Start of Given records

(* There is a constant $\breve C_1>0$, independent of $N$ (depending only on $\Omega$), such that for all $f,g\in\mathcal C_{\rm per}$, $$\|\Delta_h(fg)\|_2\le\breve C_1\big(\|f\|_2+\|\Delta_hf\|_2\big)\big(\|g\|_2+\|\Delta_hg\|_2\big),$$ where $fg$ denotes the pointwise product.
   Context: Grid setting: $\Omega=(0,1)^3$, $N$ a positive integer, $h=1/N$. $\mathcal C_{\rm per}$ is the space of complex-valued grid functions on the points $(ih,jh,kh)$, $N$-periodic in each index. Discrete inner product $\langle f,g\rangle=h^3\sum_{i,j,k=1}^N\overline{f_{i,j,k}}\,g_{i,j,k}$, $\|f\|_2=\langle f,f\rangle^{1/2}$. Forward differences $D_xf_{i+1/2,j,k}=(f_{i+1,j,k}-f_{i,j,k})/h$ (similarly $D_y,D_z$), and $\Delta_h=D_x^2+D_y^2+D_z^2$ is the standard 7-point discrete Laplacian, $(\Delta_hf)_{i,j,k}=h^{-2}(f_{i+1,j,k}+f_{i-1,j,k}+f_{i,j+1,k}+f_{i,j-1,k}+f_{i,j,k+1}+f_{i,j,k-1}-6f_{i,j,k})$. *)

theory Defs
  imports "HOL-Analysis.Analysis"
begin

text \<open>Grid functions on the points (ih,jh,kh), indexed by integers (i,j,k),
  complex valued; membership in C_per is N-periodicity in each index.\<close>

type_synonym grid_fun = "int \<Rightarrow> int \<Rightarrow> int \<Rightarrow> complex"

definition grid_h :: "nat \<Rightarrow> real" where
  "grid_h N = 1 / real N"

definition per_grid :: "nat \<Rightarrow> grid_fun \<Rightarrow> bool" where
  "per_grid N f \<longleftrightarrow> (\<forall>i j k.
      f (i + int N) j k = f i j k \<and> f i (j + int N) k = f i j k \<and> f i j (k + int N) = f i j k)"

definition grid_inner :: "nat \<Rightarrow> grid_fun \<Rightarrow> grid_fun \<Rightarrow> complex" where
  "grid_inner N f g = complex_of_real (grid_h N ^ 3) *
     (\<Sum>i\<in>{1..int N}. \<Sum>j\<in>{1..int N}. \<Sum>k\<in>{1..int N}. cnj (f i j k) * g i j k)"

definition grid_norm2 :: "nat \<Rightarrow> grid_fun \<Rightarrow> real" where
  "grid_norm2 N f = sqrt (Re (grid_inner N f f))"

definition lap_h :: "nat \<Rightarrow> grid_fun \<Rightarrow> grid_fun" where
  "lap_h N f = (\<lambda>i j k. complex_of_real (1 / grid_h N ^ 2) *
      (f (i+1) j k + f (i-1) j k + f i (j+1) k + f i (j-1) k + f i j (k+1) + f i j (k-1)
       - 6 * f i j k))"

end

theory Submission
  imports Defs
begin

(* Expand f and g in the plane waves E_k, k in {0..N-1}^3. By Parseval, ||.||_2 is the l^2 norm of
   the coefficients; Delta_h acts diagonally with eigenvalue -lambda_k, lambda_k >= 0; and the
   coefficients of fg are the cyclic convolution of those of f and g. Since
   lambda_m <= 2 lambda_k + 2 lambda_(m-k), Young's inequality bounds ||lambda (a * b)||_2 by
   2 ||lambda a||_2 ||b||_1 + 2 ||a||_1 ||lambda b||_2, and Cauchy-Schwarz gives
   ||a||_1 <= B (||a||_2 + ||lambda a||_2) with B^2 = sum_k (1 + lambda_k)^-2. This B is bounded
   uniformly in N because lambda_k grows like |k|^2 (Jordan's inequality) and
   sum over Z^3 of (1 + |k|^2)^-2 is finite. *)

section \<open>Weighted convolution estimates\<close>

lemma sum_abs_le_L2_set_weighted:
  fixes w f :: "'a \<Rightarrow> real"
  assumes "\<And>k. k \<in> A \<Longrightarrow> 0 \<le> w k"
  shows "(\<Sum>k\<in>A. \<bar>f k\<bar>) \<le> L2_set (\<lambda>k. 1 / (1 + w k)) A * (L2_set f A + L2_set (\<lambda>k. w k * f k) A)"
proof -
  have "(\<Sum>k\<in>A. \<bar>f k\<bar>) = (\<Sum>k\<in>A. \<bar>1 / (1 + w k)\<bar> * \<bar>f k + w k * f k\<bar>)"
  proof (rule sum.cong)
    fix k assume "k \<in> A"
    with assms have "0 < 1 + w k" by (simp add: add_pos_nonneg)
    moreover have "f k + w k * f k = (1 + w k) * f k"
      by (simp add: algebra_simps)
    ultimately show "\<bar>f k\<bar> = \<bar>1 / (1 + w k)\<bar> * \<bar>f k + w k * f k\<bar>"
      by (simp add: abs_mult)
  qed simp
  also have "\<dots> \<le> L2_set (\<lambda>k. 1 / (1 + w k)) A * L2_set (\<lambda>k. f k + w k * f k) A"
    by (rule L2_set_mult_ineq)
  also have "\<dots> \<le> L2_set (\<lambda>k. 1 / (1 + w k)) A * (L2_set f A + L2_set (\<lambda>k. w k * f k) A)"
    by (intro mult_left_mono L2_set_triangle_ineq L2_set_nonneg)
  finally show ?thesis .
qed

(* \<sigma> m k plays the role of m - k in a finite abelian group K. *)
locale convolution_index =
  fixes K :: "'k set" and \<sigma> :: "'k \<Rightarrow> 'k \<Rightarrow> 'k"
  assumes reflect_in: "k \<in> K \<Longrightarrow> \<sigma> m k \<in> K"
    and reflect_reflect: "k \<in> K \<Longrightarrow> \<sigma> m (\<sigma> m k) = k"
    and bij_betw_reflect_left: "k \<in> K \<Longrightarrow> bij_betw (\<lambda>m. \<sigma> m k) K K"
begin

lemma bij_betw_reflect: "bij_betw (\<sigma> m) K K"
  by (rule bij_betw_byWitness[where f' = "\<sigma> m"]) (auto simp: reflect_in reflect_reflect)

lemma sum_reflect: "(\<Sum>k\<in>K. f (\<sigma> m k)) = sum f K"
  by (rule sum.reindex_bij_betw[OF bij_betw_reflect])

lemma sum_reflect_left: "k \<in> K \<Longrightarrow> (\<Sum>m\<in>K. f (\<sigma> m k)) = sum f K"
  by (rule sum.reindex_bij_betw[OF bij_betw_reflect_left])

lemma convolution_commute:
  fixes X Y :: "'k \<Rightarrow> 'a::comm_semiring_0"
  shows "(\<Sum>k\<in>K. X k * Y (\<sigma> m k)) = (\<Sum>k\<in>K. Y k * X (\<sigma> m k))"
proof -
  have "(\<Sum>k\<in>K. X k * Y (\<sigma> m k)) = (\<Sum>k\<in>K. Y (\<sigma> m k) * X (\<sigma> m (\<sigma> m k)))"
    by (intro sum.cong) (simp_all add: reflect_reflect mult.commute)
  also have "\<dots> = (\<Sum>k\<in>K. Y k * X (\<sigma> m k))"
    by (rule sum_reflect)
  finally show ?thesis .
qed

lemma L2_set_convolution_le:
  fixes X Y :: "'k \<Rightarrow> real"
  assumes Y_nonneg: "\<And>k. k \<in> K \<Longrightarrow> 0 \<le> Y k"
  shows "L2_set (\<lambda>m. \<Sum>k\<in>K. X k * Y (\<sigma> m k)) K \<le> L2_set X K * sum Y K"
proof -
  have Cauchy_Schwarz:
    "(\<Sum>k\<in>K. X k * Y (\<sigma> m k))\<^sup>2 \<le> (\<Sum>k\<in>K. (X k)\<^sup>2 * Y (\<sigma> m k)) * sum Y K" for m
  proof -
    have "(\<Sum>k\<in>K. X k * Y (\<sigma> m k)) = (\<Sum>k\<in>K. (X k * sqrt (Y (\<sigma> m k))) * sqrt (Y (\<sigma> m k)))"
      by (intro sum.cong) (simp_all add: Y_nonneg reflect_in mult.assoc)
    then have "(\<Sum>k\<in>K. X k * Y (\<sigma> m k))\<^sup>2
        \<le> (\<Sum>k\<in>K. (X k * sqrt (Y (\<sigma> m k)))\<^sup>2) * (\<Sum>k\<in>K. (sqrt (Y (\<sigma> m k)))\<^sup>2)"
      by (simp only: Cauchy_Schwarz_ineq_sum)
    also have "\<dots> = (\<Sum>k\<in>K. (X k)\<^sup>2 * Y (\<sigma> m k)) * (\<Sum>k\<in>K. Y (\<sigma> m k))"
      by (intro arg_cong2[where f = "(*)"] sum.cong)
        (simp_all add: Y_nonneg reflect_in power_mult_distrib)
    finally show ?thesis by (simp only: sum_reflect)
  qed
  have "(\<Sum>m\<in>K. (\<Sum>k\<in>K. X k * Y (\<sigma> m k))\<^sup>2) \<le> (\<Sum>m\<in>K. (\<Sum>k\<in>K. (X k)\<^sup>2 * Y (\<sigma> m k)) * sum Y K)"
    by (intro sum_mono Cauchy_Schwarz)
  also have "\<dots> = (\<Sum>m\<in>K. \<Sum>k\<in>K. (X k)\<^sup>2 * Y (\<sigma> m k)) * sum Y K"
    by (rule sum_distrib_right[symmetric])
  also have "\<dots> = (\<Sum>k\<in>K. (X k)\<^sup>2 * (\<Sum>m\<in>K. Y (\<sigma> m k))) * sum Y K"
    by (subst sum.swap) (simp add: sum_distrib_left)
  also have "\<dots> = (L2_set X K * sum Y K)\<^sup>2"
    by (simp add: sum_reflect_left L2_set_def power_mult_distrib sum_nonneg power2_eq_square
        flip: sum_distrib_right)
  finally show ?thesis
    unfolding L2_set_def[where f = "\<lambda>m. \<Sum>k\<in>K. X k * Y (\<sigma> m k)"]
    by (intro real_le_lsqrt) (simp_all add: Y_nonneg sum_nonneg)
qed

End of Given records

### [Action item]
If a line above holds the string "inequality", return it as it stands.

### [Task response]
   lambda_m <= 2 lambda_k + 2 lambda_(m-k), Young's inequality bounds ||lambda (a * b)||_2 by
   uniformly in N because lambda_k grows like |k|^2 (Jordan's inequality) and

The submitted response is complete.